How have the recent swings in the technology and investment cycle affected you?

During the downturn we stopped hiring, put projects on hold and spent less money.

Has your industry gone into reverse when it comes to making long-term technology investments?

If you go back to 2000, there were so many interesting new things that were easy to chase. The knock was, fair or not, that a lot of money was wasted. Lehman did less of that than anybody else. We have to be very pragmatic: We are not an R&D shop. We’re providing technology to support a very specific business purpose. I don’t do things because they’re cool.

That said, have you tightened the purse strings over the past few years?

Lehman has always had a cultural bias toward expense control. We explore certain technologies that we think we can deploy to our advantage, but in a very judicious way.

How rigorously do you measure ROI in technology?

That kind of calculation has limits. I know with certainty what the “I” is -- how much things cost. It’s much more difficult to attribute returns back to a given technology.

Would you call yourself an early adopter of hot technologies like open-source computing?

No, we are fast followers, not on the bleeding edge.
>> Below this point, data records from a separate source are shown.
lemma compress_smult:
  assumes V: "V \<in> carrier_mat n m" and M: "M \<in> carrier_mat n n"
  shows "compress V (c \<cdot>\<^sub>m M) = c \<cdot>\<^sub>m compress V M"
proof -
  have "compl_proj V * M * compl_proj V \<in> carrier_mat n n"
    using V M by (intro carrier_matI) auto
  then have "tr (compl_proj V * (c \<cdot>\<^sub>m M) * compl_proj V) = c * tr (compl_proj V * M * compl_proj V)"
    using V M by (simp add: mult_smult_dims tr_smult)
  then show ?thesis
    using V M by (intro eq_matI) (auto simp: index_compress mult_smult_dims algebra_simps)
qed

lemma channel_compress:
  assumes V: "V \<in> carrier_mat n m" "adj V * V = 1\<^sub>m m" and m: "0 < m"
  shows "channel n m (compress V)"
proof (rule channelI)
  fix M :: "complex mat" assume M: "M \<in> carrier_mat n n"
  have "adj V * M * V \<in> carrier_mat m m"
    using V M by (intro carrier_matI) auto
  then have "tr (compress V M) = tr (adj V * M * V) + tr (compl_proj V * M * compl_proj V)"
    using m V by (simp add: compress_def tr_add[OF _ smult_carrier_mat[OF one_carrier_mat]]
        tr_smult[OF one_carrier_mat] tr_one)
  then show "tr (compress V M) = tr M"
    using tr_compl_proj_sandwich[OF V M] by simp
qed (use V completely_positive_compress compress_add compress_smult in \<open>auto intro: carrier_matI\<close>)

lemma cov_channel_compress:
  assumes V: "V \<in> carrier_mat n m" "adj V * V = 1\<^sub>m m" and m: "0 < m"
    and UX: "\<And>g. unitary m (UX g)" and UY: "\<And>g. unitary n (UY g)"
    and intertwine: "\<And>g. adj V * UY g = UX g * adj V"
  shows "cov_channel n m UY UX (compress V)"
  unfolding cov_channel_def
proof (intro conjI allI ballI channel_compress[OF V m])
  fix g and Y :: "complex mat" assume Y: "Y \<in> carrier_mat n n"
  have dims: "dim_row (UX g) = m" "dim_col (UX g) = m" "dim_row (UY g) = n" "dim_col (UY g) = n"
    using UX UY by (auto simp: unitary_def)
  have "adj (adj V * UY g) = adj (UX g * adj V)"
    by (simp only: intertwine)
  then have "adj (UY g) * V = V * adj (UX g)"
    using carrier_matD[OF V(1)] dims by (simp add: adj_mult)
  moreover have "adj V * (UY g * X) = UX g * (adj V * X)" if "dim_row X = n" for X
    using that carrier_matD[OF V(1)] dims by (simp add: intertwine flip: mult_assoc_dims)
  ultimately have compr: "adj V * (UY g * Y * adj (UY g)) * V = UX g * (adj V * Y * V) * adj (UX g)"
    using V Y dims by (simp add: mult_assoc_dims)
  have "UY g * Y * adj (UY g) \<in> carrier_mat n n" "adj V * Y * V \<in> carrier_mat m m"
    using Y V dims by (auto intro!: carrier_matI)
  then have "tr (compl_proj V * (UY g * Y * adj (UY g)) * compl_proj V) = tr (compl_proj V * Y * compl_proj V)"
    using Y by (simp add: tr_compl_proj_sandwich[OF V] compr tr_unitary_sandwich[OF UY]
        tr_unitary_sandwich[OF UX])
  then have "compress V (UY g * Y * adj (UY g))
      = UX g * (adj V * Y * V) * adj (UX g) + (tr (compl_proj V * Y * compl_proj V) / of_nat m) \<cdot>\<^sub>m 1\<^sub>m m"
    using carrier_matD[OF V(1)] by (simp only: compress_def compr)
  also have "\<dots> = UX g * compress V Y * adj (UX g)"
    using V Y dims unitary_mult_adj[OF UX]
    by (simp add: compress_def mult_add_distrib_dims mult_smult_dims mult_assoc_dims)
  finally show "compress V (UY g * Y * adj (UY g)) = UX g * compress V Y * adj (UX g)" .
qed

section \<open>Haar measure and twirling\<close>

locale compact_haar_group =
  fixes \<mu> :: "'g::{group_add, t2_space} measure"
  assumes compact_UNIV: "compact (UNIV :: 'g set)"
    and add_continuous: "continuous_on UNIV (\<lambda>p :: 'g \<times> 'g. fst p + snd p)"
    and haar: "haar_prob \<mu>"
begin

sublocale prob_space \<mu>
  using haar by (simp add: haar_prob_def)

lemma sets_haar: "sets \<mu> = sets borel"
  using haar by (simp add: haar_prob_def)

lemma space_haar: "space \<mu> = UNIV"
  using sets_eq_imp_space_eq[OF sets_haar] by simp

lemma distr_translate: "distr \<mu> \<mu> (\<lambda>g. h + g) = \<mu>"
  using haar by (simp add: haar_prob_def)

lemma borel_measurable_continuous: "continuous_on UNIV f \<Longrightarrow> f \<in> borel_measurable \<mu>"
  using borel_measurable_continuous_onI measurable_cong_sets[OF sets_haar refl] by metis

lemma integrable_continuous:
  fixes f :: "'g \<Rightarrow> 'b::{banach, second_countable_topology}"
  assumes "continuous_on UNIV f"
  shows "integrable \<mu> f"
proof -
  obtain B where "\<forall>x \<in> range f. norm x \<le> B"
    using compact_continuous_image[OF assms compact_UNIV] compact_imp_bounded bounded_iff by metis
  then show ?thesis
    by (intro integrable_const_bound[where B = B]) (auto simp: borel_measurable_continuous[OF assms])
qed

lemma continuous_translate: "continuous_on UNIV (\<lambda>g::'g. h + g)"
proof -
  have "continuous_on UNIV ((\<lambda>p :: 'g \<times> 'g. fst p + snd p) \<circ> (\<lambda>g. (h, g)))"
    by (intro continuous_on_compose continuous_on_Pair continuous_on_const continuous_on_id
        continuous_on_subset[OF add_continuous]) simp
  then show ?thesis by (simp add: o_def)
qed

lemma measurable_translate: "(\<lambda>g::'g. h + g) \<in> measurable \<mu> \<mu>"
  using borel_measurable_continuous_onI[OF continuous_translate]
    measurable_cong_sets[OF sets_haar sets_haar] by metis

lemma integral_translate:
  fixes f :: "'g \<Rightarrow> 'b::{banach, second_countable_topology}"
  assumes "continuous_on UNIV f"
  shows "(\<integral>g. f (h + g) \<partial>\<mu>) = integral\<^sup>L \<mu> f"
  using integral_distr[OF measurable_translate borel_measurable_continuous[OF assms]]
  by (simp add: distr_translate)

text \<open>The Haar measure has full support: if the open set where \<open>f \<noteq> 0\<close> were null, so would be
  all its translates, and finitely many of them cover the compact group.\<close>

lemma continuous_nonneg_integral_eq_zero:
  fixes f :: "'g \<Rightarrow> real"
  assumes cont: "continuous_on UNIV f" and nonneg: "\<And>x. 0 \<le> f x" and zero: "integral\<^sup>L \<mu> f = 0"
  shows "f x = 0"
proof (rule ccontr)
  assume "f x \<noteq> 0"
  define T where "T h = (\<lambda>g. h + g) -` (f -` (- {0}))" for h
  have open_support: "open (f -` (- {0}))"
    using cont by (auto simp: continuous_on_open_vimage[OF open_UNIV])
  then have open_T: "open (T h)" for h
    using continuous_translate by (auto simp: T_def continuous_on_open_vimage[OF open_UNIV])
  have "AE g in \<mu>. f g = 0"
    using integral_nonneg_eq_0_iff_AE[OF integrable_continuous[OF cont]] nonneg zero by simp
  moreover have "{g \<in> space \<mu>. f g \<noteq> 0} = T 0" by (auto simp: T_def space_haar)
  ultimately have "emeasure \<mu> (T 0) = 0"
    using AE_iff_measurable[of "T 0" \<mu> "\<lambda>g. f g = 0"] open_T[of 0] sets_haar by (auto intro: borel_open)
  then have null_T: "emeasure \<mu> (T h) = 0" for h
    using emeasure_distr[OF measurable_translate, of "T 0" h] borel_open[OF open_support] sets_haar
    by (simp add: distr_translate T_def space_haar)
  have "UNIV \<subseteq> (\<Union>h. T h)"
  proof
    fix g :: 'g
    have "g \<in> T (x - g)" using \<open>f x \<noteq> 0\<close> by (simp add: T_def)
    then show "g \<in> (\<Union>h. T h)" by blast
  qed
  then obtain C where C: "C \<subseteq> range T" "finite C" "UNIV \<subseteq> \<Union> C"
    using compactE[OF compact_UNIV, of "range T"] open_T by blast
  have "emeasure \<mu> (\<Union>B\<in>C. B) \<le> (\<Sum>B\<in>C. emeasure \<mu> B)"
    by (rule emeasure_subadditive_finite[OF C(2)]) (use C open_T sets_haar in auto)
  also have "\<dots> = 0" using C null_T by (intro sum.neutral) auto
  finally have "emeasure \<mu> UNIV = 0" using C(3) by (simp add: top_unique)
  then show False using emeasure_space_1 space_haar by simp
qed

end

lemma integral_sum_sum:
  fixes f :: "'i \<Rightarrow> 'j \<Rightarrow> 'a \<Rightarrow> 'b::{banach, second_countable_topology}"
  assumes "\<And>i j. i \<in> I \<Longrightarrow> j \<in> J \<Longrightarrow> integrable M (f i j)"
  shows "(\<integral>x. (\<Sum>i\<in>I. \<Sum>j\<in>J. f i j x) \<partial>M) = (\<Sum>i\<in>I. \<Sum>j\<in>J. integral\<^sup>L M (f i j))"
  using assms by (simp add: Bochner_Integration.integral_sum integrable_sum)

locale compact_group_rep = compact_haar_group \<mu> for \<mu> :: "'g::{group_add, t2_space} measure" +
  fixes U :: "'g \<Rightarrow> complex mat" and d :: nat
  assumes rep: "unitary_rep d U"
begin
We adopted Linux in early 2002 when we were convinced that real companies were getting behind it, including Intel Corp. and Red Hat. We aggressively implemented it, mainly for reasons of cost efficiency, but lots of our peers did the same thing.

You have Internet telephones on all the desks.

That may be an exception where we were early adopters. In January 2001 our technology organization moved into the World Trade Center and decided to test [Internet protocol] phones before deploying them widely. When we had to relocate after September 11, the technology was tremendously beneficial. The phones can be preprogrammed, so people who aren’t sitting in the same place from one day to the next can just plug the phone in and be in business. We had gotten so much experience that when we moved to our new headquarters, the firm adopted IP telephony.

How much do hedge funds influence technology priorities?

I don’t think a day goes by without my having at least one conversation about that business. Hedge funds are interesting because they are cross-asset and span the gamut of all the products we provide. That implies that a lot of legacy systems are in play, which were built long before anybody believed that customers would be peering into them in a real-time way. You have to address how to break down the silos and aggregate and disseminate information. Demands on us from hedge funds are greater than from just about any other market segment.

What new developments are you focusing on?

It’s the battlegrounds that seem most interesting. These days they include tying the Internet to internally developed pricing engines and competing on speed and function. An example is “direct to model,” which makes our algorithmic trading tools available for executions over the Bloomberg network. The concept is to push things that had been used internally out to customers and hopefully give them a reason to transact with us. Of course, that leads to margin compression. They pay us less, so we have to make sure everything is cleanly processed and costed and controlled. That just shows how technology changes the business and how the business is changing because of technology. That’s what makes all of this fun.